Monday, July 2, 2007

The Lawyers who Represented Black Schoolchildren in Brown React to the Chief' Justice's Interpretation of their Words

On page 40 of his opinion in the Seattle and Louisville school cases, Chief Justice Roberts quotes directly from the 1952 oral argument transcript in Brown v. Board of Education to support his notion that the Constitution is colorblind:

"As counsel who appeared before this Court for the plaintiffs in Brown put it: ‘We have one fundamental contention which we will seek to develop in the course of this argument, and that contention is that no State has any authority under the equal protection clause. . .to use race as a factor in affording educational opportunities among its citizens.’ There is no ambiguity in that statement."

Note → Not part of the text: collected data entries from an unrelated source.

definition rho :: "nat set \<Rightarrow> real" where
  "rho L = (if L = {0} then 1 else real (Max L) / real (Min L))"

definition rho_monoid :: "('a, 'b) monoid_scheme \<Rightarrow> ereal" where
  "rho_monoid H = Sup ((\<lambda>L. ereal (rho L)) ` LL H)"

definition fully_elastic :: "('a, 'b) monoid_scheme \<Rightarrow> bool" where
  "fully_elastic H \<longleftrightarrow>
     (\<forall>q::rat. 1 < q \<and> ereal (of_rat q) < rho_monoid H \<longrightarrow> (\<exists>L\<in>LL H. rho L = of_rat q))"

definition divides_in :: "('a, 'b) monoid_scheme \<Rightarrow> 'a \<Rightarrow> 'a \<Rightarrow> bool" where
  "divides_in H b a \<longleftrightarrow> (\<exists>c\<in>carrier H. a = b \<otimes>\<^bsub>H\<^esub> c)"

definition div_closed_submonoid :: "('a, 'b) monoid_scheme \<Rightarrow> 'a set \<Rightarrow> bool" where
  "div_closed_submonoid H S \<longleftrightarrow> S \<subseteq> carrier H \<and> \<one>\<^bsub>H\<^esub> \<in> S \<and>
     (\<forall>u\<in>S. \<forall>v\<in>S. u \<otimes>\<^bsub>H\<^esub> v \<in> S) \<and>
     (\<forall>a\<in>S. \<forall>b\<in>carrier H. divides_in H b a \<longrightarrow> b \<in> S)"

definition dc_hull :: "('a, 'b) monoid_scheme \<Rightarrow> 'a \<Rightarrow> 'a set" where
  "dc_hull H a = \<Inter>{S. div_closed_submonoid H S \<and> a \<in> S}"

definition sub_units :: "('a, 'b) monoid_scheme \<Rightarrow> 'a set \<Rightarrow> 'a set" where
  "sub_units H S = {u \<in> S. \<exists>v\<in>S. u \<otimes>\<^bsub>H\<^esub> v = \<one>\<^bsub>H\<^esub> \<and> v \<otimes>\<^bsub>H\<^esub> u = \<one>\<^bsub>H\<^esub>}"

definition fg_up_to_units :: "('a, 'b) monoid_scheme \<Rightarrow> 'a set \<Rightarrow> bool" where
  "fg_up_to_units H S \<longleftrightarrow> (\<exists>E. finite E \<and> E \<subseteq> S \<and>
     (\<forall>s\<in>S. \<exists>u\<in>sub_units H S. \<exists>xs. set xs \<subseteq> E \<and> s = u \<otimes>\<^bsub>H\<^esub> lprod H xs))"

definition locally_fg :: "('a, 'b) monoid_scheme \<Rightarrow> bool" where
  "locally_fg H \<longleftrightarrow> (\<forall>a\<in>carrier H. fg_up_to_units H (dc_hull H a))"

text \<open>A commutative cancellative monoid is represented as a submonoid D of an abelian
  group G (every such monoid embeds in its quotient group); its quotient group is
  q(D) = {a b^-1 : a, b in D}.\<close>

definition quot_grp :: "'g monoid \<Rightarrow> 'g set \<Rightarrow> 'g set" where
  "quot_grp G D = {a \<otimes>\<^bsub>G\<^esub> inv\<^bsub>G\<^esub> b | a b. a \<in> D \<and> b \<in> D}"

definition v_inv :: "'g monoid \<Rightarrow> 'g set \<Rightarrow> 'g set \<Rightarrow> 'g set" where
  "v_inv G D X = {z \<in> quot_grp G D. \<forall>w\<in>X. z \<otimes>\<^bsub>G\<^esub> w \<in> D}"

definition divisorial_ideal :: "'g monoid \<Rightarrow> 'g set \<Rightarrow> 'g set \<Rightarrow> bool" where
  "divisorial_ideal G D A \<longleftrightarrow> A \<subseteq> D \<and> v_inv G D (v_inv G D A) = A"

definition Krull_in :: "'g monoid \<Rightarrow> 'g set \<Rightarrow> bool" where
  "Krull_in G D \<longleftrightarrow> comm_group G \<and> D \<subseteq> carrier G \<and> \<one>\<^bsub>G\<^esub> \<in> D \<and>
     (\<forall>u\<in>D. \<forall>v\<in>D. u \<otimes>\<^bsub>G\<^esub> v \<in> D) \<and>
     (\<forall>f :: nat \<Rightarrow> 'g set. (\<forall>n. divisorial_ideal G D (f n)) \<and> (\<forall>n. f n \<subseteq> f (Suc n))
        \<longrightarrow> (\<exists>m. \<forall>n\<ge>m. f n = f m)) \<and>
     (\<forall>z\<in>quot_grp G D. (\<exists>c\<in>D. \<forall>n::nat. c \<otimes>\<^bsub>G\<^esub> (z [^]\<^bsub>G\<^esub> n) \<in> D) \<longrightarrow> z \<in> D)"

definition D_units :: "'g monoid \<Rightarrow> 'g set \<Rightarrow> 'g set" where
  "D_units G D = {u \<in> D. inv\<^bsub>G\<^esub> u \<in> D}"

definition transfer_hom :: "('a, 'b) monoid_scheme \<Rightarrow> 'g monoid \<Rightarrow> 'g set \<Rightarrow> ('a \<Rightarrow> 'g) \<Rightarrow> bool" where
  "transfer_hom H G D \<theta> \<longleftrightarrow>
     (\<forall>a\<in>carrier H. \<theta> a \<in> D) \<and> \<theta> \<one>\<^bsub>H\<^esub> = \<one>\<^bsub>G\<^esub> \<and>
     (\<forall>a\<in>carrier H. \<forall>b\<in>carrier H. \<theta> (a \<otimes>\<^bsub>H\<^esub> b) = \<theta> a \<otimes>\<^bsub>G\<^esub> \<theta> b) \<and>
     D = {\<theta> a \<otimes>\<^bsub>G\<^esub> u | a u. a \<in> carrier H \<and> u \<in> D_units G D} \<and>
     {a \<in> carrier H. \<theta> a \<in> D_units G D} = Units H \<and>
     (\<forall>a\<in>carrier H. \<forall>\<beta>\<in>D. \<forall>\<gamma>\<in>D. \<theta> a = \<beta> \<otimes>\<^bsub>G\<^esub> \<gamma> \<longrightarrow>
        (\<exists>b\<in>carrier H. \<exists>c\<in>carrier H. a = b \<otimes>\<^bsub>H\<^esub> c \<and>
           (\<exists>u\<in>D_units G D. \<theta> b = \<beta> \<otimes>\<^bsub>G\<^esub> u) \<and> (\<exists>u\<in>D_units G D. \<theta> c = \<gamma> \<otimes>\<^bsub>G\<^esub> u)))"

text \<open>H is transfer Krull via a Krull monoid whose quotient group lives in type 'g.
  Stating the negation for a free type variable 'g covers all Krull monoids.\<close>
definition transfer_Krull :: "('a, 'b) monoid_scheme \<Rightarrow> 'g itself \<Rightarrow> bool" where
  "transfer_Krull H (T :: 'g itself) \<longleftrightarrow>
     (\<exists>(G :: 'g monoid) D \<theta>. Krull_in G D \<and> transfer_hom H G D \<theta>)"

end

(*
  Every exponent vector of a product of k proper ideals has
  total degree at least k; this bounds factorisation lengths and gives the BF property.

  The ideals generated by monomials X^i Y^(e-i), i in S, are atoms under a combinatorial condition
  on S, and two of them multiply to a power of (X,Y) as soon as their exponent sets add up to an
  interval.  This gives the factorisations (X,Y)^k = (X,Y) F (X,Y)^(n-2) of every length n in [2,k];
  the infinitely many atoms (X^d,Y^d) dividing powers of (X,Y), so that the divisor-closed
  submonoid generated by (X,Y) is not finitely generated; and the relation
  (X,Y) (X,Y)^2 = (X,Y) (X^2,Y^2), which no transfer homomorphism to a Krull monoid respects.
  Finally X is cancellative and occurs in every factorisation of X I, so multiplying by X^t shifts
  length sets by t.  Hence every interval [a,b] with 2 <= a <= b is a length set, which yields
  U_k = N_{>=2} and every rational elasticity.
*)
theory Submission
  imports Defs "HOL-Algebra.Divisibility" "HOL-Library.Function_Algebras" "HOL-Library.Set_Algebras"
begin

section \<open>Factorisations in monoids\<close>

lemma lprod_Nil [simp]: "lprod H [] = \<one>\<^bsub>H\<^esub>"
  by (simp add: lprod_def)

lemma lprod_Cons [simp]: "lprod H (a # xs) = a \<otimes>\<^bsub>H\<^esub> lprod H xs"
  by (simp add: lprod_def)

lemma atom_in_carrier: "atom H a \<Longrightarrow> a \<in> carrier H"
  by (simp add: atom_def)

context monoid
begin

lemma lprod_closed [simp]: "set xs \<subseteq> carrier G \<Longrightarrow> lprod G xs \<in> carrier G"
  by (induction xs) auto

lemma lprod_append:
  "set xs \<subseteq> carrier G \<Longrightarrow> set ys \<subseteq> carrier G \<Longrightarrow> lprod G (xs @ ys) = lprod G xs \<otimes> lprod G ys"
  by (induction xs) (auto simp: m_assoc)

lemma lprod_replicate: "a \<in> carrier G \<Longrightarrow> lprod G (replicate n a) = a [^] n"
proof (induction n)
  case (Suc n)
  then show ?case by (simp add: nat_pow_Suc2[symmetric])
qed simp

lemma Lset_one: "0 \<in> Lset G \<one>"
  by (auto simp: Lset_def)

lemma Lset_pow_atom: "atom G a \<Longrightarrow> n \<in> Lset G (a [^] n)"
  unfolding Lset_def
  by (intro CollectI exI[of _ "replicate n a"]) (simp add: lprod_replicate atom_in_carrier)

lemma Lset_atom: "atom G a \<Longrightarrow> 1 \<in> Lset G a"
  using Lset_pow_atom[of a 1] by (simp add: atom_in_carrier)

lemma Lset_mult: "m \<in> Lset G a \<Longrightarrow> n \<in> Lset G b \<Longrightarrow> m + n \<in> Lset G (a \<otimes> b)"
proof -
  assume "m \<in> Lset G a" "n \<in> Lset G b"
  then obtain xs ys where
    xs: "length xs = m" "\<forall>z\<in>set xs. atom G z" "a = lprod G xs" and
    ys: "length ys = n" "\<forall>z\<in>set ys. atom G z" "b = lprod G ys"
    unfolding Lset_def by blast
  then have "a \<otimes> b = lprod G (xs @ ys)"
    by (subst lprod_append) (auto simp: atom_in_carrier)
  with xs ys show ?thesis
    unfolding Lset_def by (intro CollectI exI[of _ "xs @ ys"]) auto
qed

lemma atom_mem_of_lprod:
  assumes "Units G = {\<one>}" "atom G z" "set xs \<subseteq> carrier G" "z = lprod G xs"
  shows "z \<in> set xs"
  using assms(3,4)
proof (induction xs)
  case Nil
  then show ?case using assms(1,2) by (simp add: atom_def)
next
  case (Cons a xs)
  then have "a \<in> Units G \<or> lprod G xs \<in> Units G"
    using assms(2) by (simp add: atom_def)
  with Cons show ?case using assms(1) by auto
qed

lemma sub_units_subset_Units: "S \<subseteq> carrier G \<Longrightarrow> sub_units G S \<subseteq> Units G"
  by (auto simp: sub_units_def Units_def)

text \<open>In a reduced monoid every atom of a finitely generated submonoid is one of its generators.\<close>
lemma finite_atoms_if_fg_up_to_units:
  assumes reduced: "Units G = {\<one>}" and "S \<subseteq> carrier G" "fg_up_to_units G S"
  shows "finite {z \<in> S. atom G z}"
proof -
  obtain E where E: "finite E" "E \<subseteq> S"
    and gen: "\<forall>s\<in>S. \<exists>u\<in>sub_units G S. \<exists>xs. set xs \<subseteq> E \<and> s = u \<otimes> lprod G xs"
    using assms(3) unfolding fg_up_to_units_def by blast
  have "z \<in> E" if "z \<in> S" "atom G z" for z
  proof -
    obtain u xs where u: "u \<in> sub_units G S" and xs: "set xs \<subseteq> E" "z = u \<otimes> lprod G xs"
      using gen \<open>z \<in> S\<close> by blast
    have "u = \<one>" using u sub_units_subset_Units[OF assms(2)] reduced by blast
    with xs E assms(2) have "z = lprod G xs" "set xs \<subseteq> carrier G" by auto
    then show ?thesis using atom_mem_of_lprod[OF reduced \<open>atom G z\<close>] xs by blast
  qed
  then show ?thesis using E(1) by (auto intro: finite_subset)
qed

lemma carrier_div_closed_submonoid: "div_closed_submonoid G (carrier G)"
  by (simp add: div_closed_submonoid_def)

lemma dc_hull_subset_carrier: "a \<in> carrier G \<Longrightarrow> dc_hull G a \<subseteq> carrier G"
  using carrier_div_closed_submonoid by (auto simp: dc_hull_def)

lemma div_closed_submonoid_pow:
  "div_closed_submonoid G S \<Longrightarrow> a \<in> S \<Longrightarrow> a [^] (n::nat) \<in> S"
  by (induction n) (simp_all add: div_closed_submonoid_def)

lemma divisor_of_pow_in_dc_hull:
  assumes "b \<in> carrier G" "divides_in G b (a [^] (n::nat))"
  shows "b \<in> dc_hull G a"
  using assms div_closed_submonoid_pow unfolding dc_hull_def div_closed_submonoid_def by blast

end

context comm_monoid
begin

lemma lprod_remove1:
  "z \<in> set xs \<Longrightarrow> set xs \<subseteq> carrier G \<Longrightarrow> lprod G xs = z \<otimes> lprod G (remove1 z xs)"
  using multlist_perm_cong[OF perm_remove] by (simp add: lprod_def)

lemma lprod_atoms_not_Units:
  assumes "xs \<noteq> []" "\<forall>z\<in>set xs. atom G z"
  shows "lprod G xs \<notin> Units G"
proof
  obtain z zs where xs: "xs = z # zs" using assms(1) by (cases xs) auto
  assume "lprod G xs \<in> Units G"
  then have "z \<in> Units G"
    using assms(2) unfolding xs by (auto intro: unit_factor lprod_closed dest: atom_in_carrier)
  then show False using assms(2) xs by (simp add: atom_def)
qed

text \<open>A product of at least two atoms is neither a unit nor an atom.\<close>
lemma Lset_ge_2:
  assumes "k \<in> Lset G a" "2 \<le> k" "n \<in> Lset G a"
  shows "2 \<le> n"
proof -
  obtain ys where ys: "2 \<le> length ys" "\<forall>u\<in>set ys. atom G u" "a = lprod G ys"
    using assms(1,2) unfolding Lset_def by blast
  then obtain z w zs where zs: "\<forall>u\<in>set (z # w # zs). atom G u" "a = z \<otimes> lprod G (w # zs)"
    by (cases ys rule: remdups_adj.cases) auto
  have "lprod G (w # zs) \<notin> Units G" "lprod G (w # zs) \<in> carrier G"
    using zs(1) lprod_atoms_not_Units[of "w # zs"] by (auto intro!: lprod_closed dest: atom_in_carrier)
  then have a: "a \<notin> Units G" "\<not> atom G a"
    using zs lprod_atoms_not_Units[of "z # w # zs"] unfolding atom_def by auto
  obtain xs where "length xs = n" "\<forall>u\<in>set xs. atom G u" "a = lprod G xs"
    using assms(3) unfolding Lset_def by blast
  with a show ?thesis
    by (cases xs rule: remdups_adj.cases) (auto simp: atom_in_carrier)
qed

end

lemma transfer_hom_cancel:
  assumes "group G" "D \<subseteq> carrier G" "transfer_hom H G D \<theta>"
    and "a \<in> carrier H" "b \<in> carrier H" "c \<in> carrier H" "a \<otimes>\<^bsub>H\<^esub> b = a \<otimes>\<^bsub>H\<^esub> c"
  shows "\<theta> b = \<theta> c"
proof -
  interpret group G by fact
  have hom: "\<theta> (a \<otimes>\<^bsub>H\<^esub> u) = \<theta> a \<otimes>\<^bsub>G\<^esub> \<theta> u" and "\<theta> u \<in> carrier G" if "u \<in> carrier H" for u
    using assms that unfolding transfer_hom_def by auto
  then show ?thesis using assms(4-7) by (metis l_cancel)
qed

Don’t tell that to the actual lawyers who represented the black schoolchildren in Brown. In response to the ruling, these lawyers have stated that the Chief Justice has, “misinterpreted the positions they had taken in the litigation [and] misunderstood the true meaning of Brown." The New York Times, in a June 29 article entitled, “The Same Worlds, but Differing Views,” gathered these responses from the Brown lawyers themselves:

-Robert L. Carter, the lawyer who Roberts quotes directly (and now a 90-year-old senior federal judge in Manhattan) explains how the Chief Justice distorted the purpose of and historical context behind his words:

"All that race was used for at that point in time [the 1950s] was to deny equal opportunity to black people. It’s to stand that argument on its head to use race the way they use is now."

-Columbia Professor Jack Greenberg, who worked on the Brown case for the plaintiffs, called Roberts’ interpretation “preposterous.” He explained that,

“The plaintiffs in Brown were concerned with the marginalization and subjugation of black people. They said you can’t consider race, but that’s how race was being used. . . Following Brown, there was massive resistance. This is essentially the rebirth of massive resistance in more acceptable form.”

-William T. Coleman Jr., a lawyer in Brown who now works as a lawyer in Washington, explained that,

“The majority opinion is 100 percent wrong. It’s dirty pool to say that the people Brown was supposed to protect are the people it’s now not going to protect.”